Call for Papers: Traditions of Public Administration Research
The International Conference on Public Policy, to be held in Montreal next June, will feature a panel titled: "Traditions of Public Administration Research: Should they be Celebrated?". The CFP for this panel is below. Information on how to submit a paper proposal is here: https://bit.ly/2zQXCUS
CFP for ICPP4: Traditions of Public Administration Research: Should they be Celebrated?
In his 2014 Braibant lecture (Pollitt, 2015) Christopher Pollitt noted the existence of a multiplicity of "administrative traditions" -- that is, distinct ways of thinking about the domain of public administration and engaging in practice within it. Some of these administrative traditions are very old, and some new. Some dominate the "mainstream" journals while some are neglected. Pollitt made the case for a conversation among administrative traditions, which he believed to be challenging but also potentially rewarding.
This panel will take up Pollitt's invitation to have a conversation about administrative traditions.
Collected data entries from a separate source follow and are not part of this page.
(* Let $E:\mathbb R^N\to\mathbb R$ be a function which is analytic at a local minimum $\mathbf p$, and let $j,k\ge1$ be integers. Suppose there exists a $(j,2k)$ $E$-flex $\mathbf p(t)$ at $\mathbf p$. Then $E$ grows sometimes-$s$-slowly at $\mathbf p$, where $s=\frac{2k+2}{j}$.
   Context: A trajectory at $\mathbf p$ is an analytic non-constant map $t\mapsto\mathbf p(t)\in\mathbb R^N$, defined for $t\in[0,\varepsilon]$ for some $\varepsilon>0$, with $\mathbf p(0)=\mathbf p$. A $C^k$ function $\varphi(t)$ is $k$-vanishing if $\varphi^{(i)}(0)=0$ for $1\le i\le k$, and $k$-active if $(k-1)$-vanishing but not $k$-vanishing. A $(j,k)$ $E$-flex at $\mathbf p$ is a $j$-active trajectory $\mathbf p(t)$ at $\mathbf p$ such that $E(\mathbf p(t))$ is $k$-vanishing. $E$ grows sometimes-$s$-slowly at $\mathbf p$ if there exist a trajectory $\mathbf q(t)$ at $\mathbf p$ and constants $c_2,\delta>0$ such that $E(\mathbf q(t))-E(\mathbf p)\le c_2|\mathbf q(t)-\mathbf p|^s$ for $t\in[0,\delta]$. *)

theory Defs
  imports "HOL-Analysis.Analysis"
begin

definition real_analytic_on_interval ::
  "(real \<Rightarrow> 'a::real_normed_vector) \<Rightarrow> real \<Rightarrow> real \<Rightarrow> bool" where
  "real_analytic_on_interval q a b \<longleftrightarrow>
     (\<forall>t0\<in>{a..b}. \<exists>r>0. \<exists>c::nat \<Rightarrow> 'a.
        \<forall>t\<in>{a..b} \<inter> ball t0 r. (\<lambda>k. ((t - t0) ^ k) *\<^sub>R c k) sums q t)"

definition real_analytic_at :: "(real ^ 'n \<Rightarrow> real) \<Rightarrow> real ^ 'n \<Rightarrow> bool" where
  "real_analytic_at E p \<longleftrightarrow>
     (\<exists>r>0. \<exists>c::('n \<Rightarrow> nat) \<Rightarrow> real.
        \<forall>x\<in>ball p r.
          ((\<lambda>\<alpha>. c \<alpha> * (\<Prod>i\<in>UNIV. (x $ i - p $ i) ^ \<alpha> i)) has_sum E x) UNIV)"

definition trajectory :: "(real \<Rightarrow> real ^ 'n) \<Rightarrow> real ^ 'n \<Rightarrow> bool" where
  "trajectory q p \<longleftrightarrow>
     (\<exists>\<epsilon>>0. real_analytic_on_interval q 0 \<epsilon> \<and> q 0 = p \<and> (\<exists>t\<in>{0..\<epsilon>}. q t \<noteq> p))"

definition k_vanishing :: "nat \<Rightarrow> (real \<Rightarrow> 'a::real_normed_vector) \<Rightarrow> bool" where
  "k_vanishing k \<phi> \<longleftrightarrow>
     (\<exists>\<delta>>0. \<exists>D::nat \<Rightarrow> real \<Rightarrow> 'a.
        (\<forall>t\<in>{0..\<delta>}. D 0 t = \<phi> t) \<and>
        (\<forall>i<k. \<forall>t\<in>{0..\<delta>}. (D i has_vector_derivative D (Suc i) t) (at t within {0..\<delta>})) \<and>
        continuous_on {0..\<delta>} (D k) \<and>
        (\<forall>i\<in>{1..k}. D i 0 = 0))"

definition k_active :: "nat \<Rightarrow> (real \<Rightarrow> 'a::real_normed_vector) \<Rightarrow> bool" where
  "k_active k \<phi> \<longleftrightarrow> k_vanishing (k - 1) \<phi> \<and> \<not> k_vanishing k \<phi>"

definition E_flex :: "nat \<Rightarrow> nat \<Rightarrow> (real ^ 'n \<Rightarrow> real) \<Rightarrow> real ^ 'n \<Rightarrow> (real \<Rightarrow> real ^ 'n) \<Rightarrow> bool" where
  "E_flex j k E p q \<longleftrightarrow> trajectory q p \<and> k_active j q \<and> k_vanishing k (\<lambda>t. E (q t))"

definition grows_sometimes_slowly :: "real \<Rightarrow> (real ^ 'n \<Rightarrow> real) \<Rightarrow> real ^ 'n \<Rightarrow> bool" where
  "grows_sometimes_slowly s E p \<longleftrightarrow>
     (\<exists>q. trajectory q p \<and> (\<exists>c2>0. \<exists>\<delta>>0.
        \<forall>t\<in>{0..\<delta>}. E (q t) - E p \<le> c2 * norm (q t - p) powr s))"

definition local_min :: "(real ^ 'n \<Rightarrow> real) \<Rightarrow> real ^ 'n \<Rightarrow> bool" where
  "local_min E p \<longleftrightarrow> (\<exists>r>0. \<forall>x\<in>ball p r. E p \<le> E x)"

end

(*
  Write the flex as p(t) = p + U(t), where the components of U are convergent power series
  without constant term; these series also define U for negative t. Truncating the Taylor
  series of E at degree 2k + 2 yields an analytic function H of t with
  E(p + U(t)) - E(p) = H(t) + O(t^(2k+2)). As E(p(t)) is 2k-vanishing, the coefficients of H
  up to degree 2k vanish. As p is a local minimum, E(p + U(t)) - E(p) >= 0 for t of both
  signs, which kills the coefficient of the odd power t^(2k+1) as well. Hence
  E(p(t)) - E(p) = O(t^(2k+2)), while j-activity of the flex gives |p(t) - p| >= a t^j.
  Eliminating t gives the exponent (2k+2)/j.
*)

theory Submission
  imports Defs "HOL-Complex_Analysis.Laurent_Convergence"
begin

(* Formal_Laurent_Series leaves the infix "$" for fps_nth active; it is needed for vectors. *)
unbundle no Formal_Power_Series.fps_syntax

section \<open>Real power series at the origin\<close>

lemma has_fps_expansion_factor_power:
  fixes f :: "'a::{banach,real_normed_field} \<Rightarrow> 'a"
  assumes f: "f has_fps_expansion F" and low: "\<And>i. i < m \<Longrightarrow> fps_nth F i = 0"
  obtains g where "(g \<longlongrightarrow> fps_nth F m) (nhds 0)" "\<forall>\<^sub>F t in nhds 0. f t = t ^ m * g t"
proof
  have radius: "fps_conv_radius F > 0"
    using f by (simp add: has_fps_expansion_def)
  show "(eval_fps (fps_shift m F) \<longlongrightarrow> fps_nth F m) (nhds 0)"
  proof -
    have "isCont (eval_fps (fps_shift m F)) 0"
      using radius by (intro continuous_eval_fps) (simp add: zero_ereal_def)
    then have "(eval_fps (fps_shift m F) \<longlongrightarrow> eval_fps (fps_shift m F) 0) (nhds 0)"
      by (simp add: isCont_def tendsto_at_iff_tendsto_nhds)
    then show ?thesis by (simp add: eval_fps_at_0)
  qed
  show "\<forall>\<^sub>F t in nhds 0. f t = t ^ m * eval_fps (fps_shift m F) t"
  proof (cases "F = 0")
    case True
    with f have "\<forall>\<^sub>F t in nhds 0. 0 = f t" by (simp add: has_fps_expansion_def)
    then show ?thesis by (rule eventually_mono) (simp add: True)
  next
    case False
    then have m: "m \<le> subdegree F" using low by (rule subdegree_geI)
    have "\<forall>\<^sub>F t in nhds 0. t \<in> eball 0 (fps_conv_radius F)"
      using radius by (intro eventually_nhds_in_open) (auto simp: zero_ereal_def)
    moreover have "\<forall>\<^sub>F t in nhds 0. eval_fps F t = f t"
      using f by (simp add: has_fps_expansion_def)
    ultimately show ?thesis
    proof eventually_elim
      case (elim t)
      then show ?case
        using m low by (cases "t = 0") (auto simp: eval_fps_shift eval_fps_at_0 power_0_left)
    qed
  qed
qed

lemma has_fps_expansion_upper_bound_power:
  fixes f :: "real \<Rightarrow> real"
  assumes f: "f has_fps_expansion F" and low: "\<And>i. i < m \<Longrightarrow> fps_nth F i = 0"
  obtains C where "\<forall>\<^sub>F t in nhds 0. \<bar>f t\<bar> \<le> C * \<bar>t\<bar> ^ m"
proof -
  obtain g where g: "(g \<longlongrightarrow> fps_nth F m) (nhds 0)" "\<forall>\<^sub>F t in nhds 0. f t = t ^ m * g t"
    using has_fps_expansion_factor_power[OF f low] by blast
  have "\<forall>\<^sub>F t in nhds 0. dist (g t) (fps_nth F m) < 1"
    using g(1) by (rule tendstoD) simp
  with g(2) have "\<forall>\<^sub>F t in nhds 0. \<bar>f t\<bar> \<le> (\<bar>fps_nth F m\<bar> + 1) * \<bar>t\<bar> ^ m"
  proof eventually_elim
    case (elim t)
    then have "\<bar>g t\<bar> \<le> \<bar>fps_nth F m\<bar> + 1" by (simp add: dist_real_def)
    then have "\<bar>g t\<bar> * \<bar>t\<bar> ^ m \<le> (\<bar>fps_nth F m\<bar> + 1) * \<bar>t\<bar> ^ m"
      by (rule mult_right_mono) simp
    with elim(1) show ?case by (simp add: abs_mult power_abs mult.commute)
  qed
  then show ?thesis by (rule that)
qed

lemma has_fps_expansion_lower_bound_subdegree:
  fixes f :: "real \<Rightarrow> real"
  assumes f: "f has_fps_expansion F" and "F \<noteq> 0"
  obtains a where "a > 0" "\<forall>\<^sub>F t in nhds 0. a * \<bar>t\<bar> ^ subdegree F \<le> \<bar>f t\<bar>"
proof -
  define a where "a = \<bar>fps_nth F (subdegree F)\<bar> / 2"
  have a: "a > 0" using \<open>F \<noteq> 0\<close> by (simp add: a_def)
  obtain g where g: "(g \<longlongrightarrow> fps_nth F (subdegree F)) (nhds 0)"
      "\<forall>\<^sub>F t in nhds 0. f t = t ^ subdegree F * g t"
    by (rule has_fps_expansion_factor_power[OF f nth_less_subdegree_zero])
  have "\<forall>\<^sub>F t in nhds 0. dist (g t) (fps_nth F (subdegree F)) < a"
    using g(1) a by (rule tendstoD)
  with g(2) have "\<forall>\<^sub>F t in nhds 0. a * \<bar>t\<bar> ^ subdegree F \<le> \<bar>f t\<bar>"
  proof eventually_elim
    case (elim t)
    then have "a \<le> \<bar>g t\<bar>" unfolding dist_real_def a_def by linarith
    then have "a * \<bar>t\<bar> ^ subdegree F \<le> \<bar>g t\<bar> * \<bar>t\<bar> ^ subdegree F"
      by (rule mult_right_mono) simp
    with elim(1) show ?case by (simp add: abs_mult power_abs mult.commute)
  qed
  with a show ?thesis by (rule that)
qed

lemma has_fps_expansion_nth_eq_0_if_flat:
  fixes f :: "real \<Rightarrow> real"
  assumes f: "f has_fps_expansion F" and flat: "((\<lambda>t. f t / t ^ n) \<longlongrightarrow> 0) (at_right 0)"
  shows "i \<le> n \<Longrightarrow> fps_nth F i = 0"
proof (induction i rule: less_induct)
  case (less i)
  have low: "\<And>j. j < i \<Longrightarrow> fps_nth F j = 0"
    using less by simp
  obtain g where g: "(g \<longlongrightarrow> fps_nth F i) (nhds 0)" "\<forall>\<^sub>F t in nhds 0. f t = t ^ i * g t"
    by (rule has_fps_expansion_factor_power[OF f low])
  have "(g \<longlongrightarrow> fps_nth F i) (at_right 0)"
    using g(1) by (rule tendsto_mono[OF at_within_le_nhds])
  moreover have "(g \<longlongrightarrow> 0) (at_right 0)"
  proof (rule tendsto_cong[THEN iffD1])
    show "((\<lambda>t. f t / t ^ n * t ^ (n - i)) \<longlongrightarrow> 0) (at_right 0)"
      using tendsto_mult[OF flat tendsto_power[OF tendsto_ident_at, of "n - i" 0 "{0<..}"]] by simp
    have "\<forall>\<^sub>F t in at_right 0. f t = t ^ i * g t"
      using g(2) by (rule filter_leD[OF at_within_le_nhds])
    with eventually_at_right_less
    show "\<forall>\<^sub>F t in at_right 0. f t / t ^ n * t ^ (n - i) = g t"
    proof eventually_elim
      case (elim t)
      then have "t ^ n = t ^ i * t ^ (n - i)" using less.prems by (simp flip: power_add)
      with elim show ?case by (simp add: field_simps)
    qed
  qed
  ultimately show ?case
    using tendsto_unique trivial_limit_at_right_real by blast
qed

lemma odd_power_mult_nonneg_imp_limit_eq_0:
  fixes g :: "real \<Rightarrow> real"
  assumes "odd m" and g: "(g \<longlongrightarrow> \<beta>) (nhds 0)"
    and nonneg: "\<forall>\<^sub>F t in nhds 0. 0 \<le> t ^ m * g t + K * \<bar>t\<bar> ^ Suc m"
  shows "\<beta> = 0"
proof -
  have lim: "((\<lambda>t. g t + K * t) \<longlongrightarrow> \<beta>) (at 0 within A)" for A
    using tendsto_add[OF tendsto_mono[OF at_within_le_nhds g] tendsto_mult_right_zero[OF tendsto_ident_at]]
    by simp
  have near: "\<forall>\<^sub>F t in at 0 within A. 0 \<le> t ^ m * g t + K * \<bar>t\<bar> ^ Suc m" for A
    using nonneg by (rule filter_leD[OF at_within_le_nhds])
  have "\<forall>\<^sub>F t in at_right 0. 0 \<le> g t + K * t"
    using near eventually_at_right_less
  proof eventually_elim
    case (elim t)
    then have "0 \<le> t ^ m * (g t + K * t)" by (simp add: algebra_simps)
    moreover have "t ^ m > 0" using elim(2) by simp
    ultimately show ?case by (simp add: zero_le_mult_iff)
  qed
  then have "0 \<le> \<beta>"
    using tendsto_lowerbound[OF lim] by simp
  moreover have "\<forall>\<^sub>F t in at_left 0. g t + K * t \<le> 0"
    using near eventually_at_left_real[of "-1" 0, simplified]
  proof eventually_elim
    case (elim t)
    then have "t ^ m = - ((- t) ^ m)"
      using \<open>odd m\<close> by simp
    with elim have "0 \<le> - ((- t) ^ m * (g t + K * t))" by (simp add: algebra_simps)
    moreover have "(- t) ^ m > 0" using elim(2) by simp
    ultimately show ?case by (simp add: mult_le_0_iff)
  qed
  then have "\<beta> \<le> 0"
    using tendsto_upperbound[OF lim] by simp
  ultimately show ?thesis by simp
qed

lemma nonneg_flat_fps_approx_bound:
  fixes \<phi> H :: "real \<Rightarrow> real"
  assumes H: "H has_fps_expansion F" and "even n"
    and approx: "\<forall>\<^sub>F t in nhds 0. \<bar>\<phi> t - H t\<bar> \<le> C * \<bar>t\<bar> ^ (n + 2)"
    and flat: "((\<lambda>t. \<phi> t / t ^ n) \<longlongrightarrow> 0) (at_right 0)"
    and nonneg: "\<forall>\<^sub>F t in nhds 0. 0 \<le> \<phi> t"
  obtains C' where "\<forall>\<^sub>F t in nhds 0. \<bar>\<phi> t\<bar> \<le> C' * \<bar>t\<bar> ^ (n + 2)"
proof -
  have "((\<lambda>t. (\<phi> t - H t) / t ^ n) \<longlongrightarrow> 0) (at_right 0)"
  proof (rule Lim_null_comparison)
    show "\<forall>\<^sub>F t in at_right 0. norm ((\<phi> t - H t) / t ^ n) \<le> C * t\<^sup>2"
      using filter_leD[OF at_within_le_nhds approx] eventually_at_right_less
    proof eventually_elim
      case (elim t)
      then show ?case by (simp add: divide_le_eq power_add power2_eq_square mult_ac)
    qed
    show "((\<lambda>t. C * t\<^sup>2) \<longlongrightarrow> 0) (at_right 0)"
      by (intro tendsto_eq_intros) auto
  qed
  from tendsto_diff[OF flat this] have "((\<lambda>t. H t / t ^ n) \<longlongrightarrow> 0) (at_right 0)"
    by (simp add: diff_divide_distrib)
  then have low: "fps_nth F i = 0" if "i \<le> n" for i
    using has_fps_expansion_nth_eq_0_if_flat[OF H] that by blast
  obtain g where g: "(g \<longlongrightarrow> fps_nth F (Suc n)) (nhds 0)" "\<forall>\<^sub>F t in nhds 0. H t = t ^ Suc n * g t"
    using has_fps_expansion_factor_power[OF H] low by (metis less_Suc_eq_le)
  have "\<forall>\<^sub>F t in nhds 0. 0 \<le> t ^ Suc n * g t + C * \<bar>t\<bar> ^ Suc (Suc n)"
    using nonneg approx g(2) by eventually_elim simp
  from odd_power_mult_nonneg_imp_limit_eq_0[OF _ g(1) this] \<open>even n\<close>
  have "fps_nth F (Suc n) = 0" by simp
  with low have "fps_nth F i = 0" if "i < n + 2" for i
    using that less_Suc_eq_le by (cases "i = Suc n") auto
  then obtain C1 where C1: "\<forall>\<^sub>F t in nhds 0. \<bar>H t\<bar> \<le> C1 * \<bar>t\<bar> ^ (n + 2)"
    by (rule has_fps_expansion_upper_bound_power[OF H])
  have "\<forall>\<^sub>F t in nhds 0. \<bar>\<phi> t\<bar> \<le> (C + C1) * \<bar>t\<bar> ^ (n + 2)"
    using approx C1
  proof eventually_elim
    case (elim t)
    have "\<bar>\<phi> t\<bar> \<le> \<bar>\<phi> t - H t\<bar> + \<bar>H t\<bar>"
      using abs_triangle_ineq[of "\<phi> t - H t" "H t"] by simp
    with elim show ?case by (simp add: distrib_right)
  qed
  then show ?thesis by (rule that)
qed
We invite papers that address any of these four questions:
1. Whether such traditions exist, and the ways in which traditions differ -- such as conceptualizations of the field and its goals and problems, the range of questions posed in research, and methods applied.
2. Whether these traditions are likely to persist, or whether they are fading as a result of the "globalization" of the scholarly enterprise -- that is, the homogenizing effects of globalized publishing, conferences, and academic hiring.
3. Whether the fading of traditions, if it is evident, should be regarded as a cause for concern. To put it any other way, should we be pluralists, celebrating diversity in approaches, or should we encourage global convergence?
4. And if we aim to be pluralists, how should we advance the conversation proposed by Pollitt in 2014? For example, do our journals and conferences adequately represent major administrative traditions? How should we change these institutions to assure fair representation and encourage dialogue?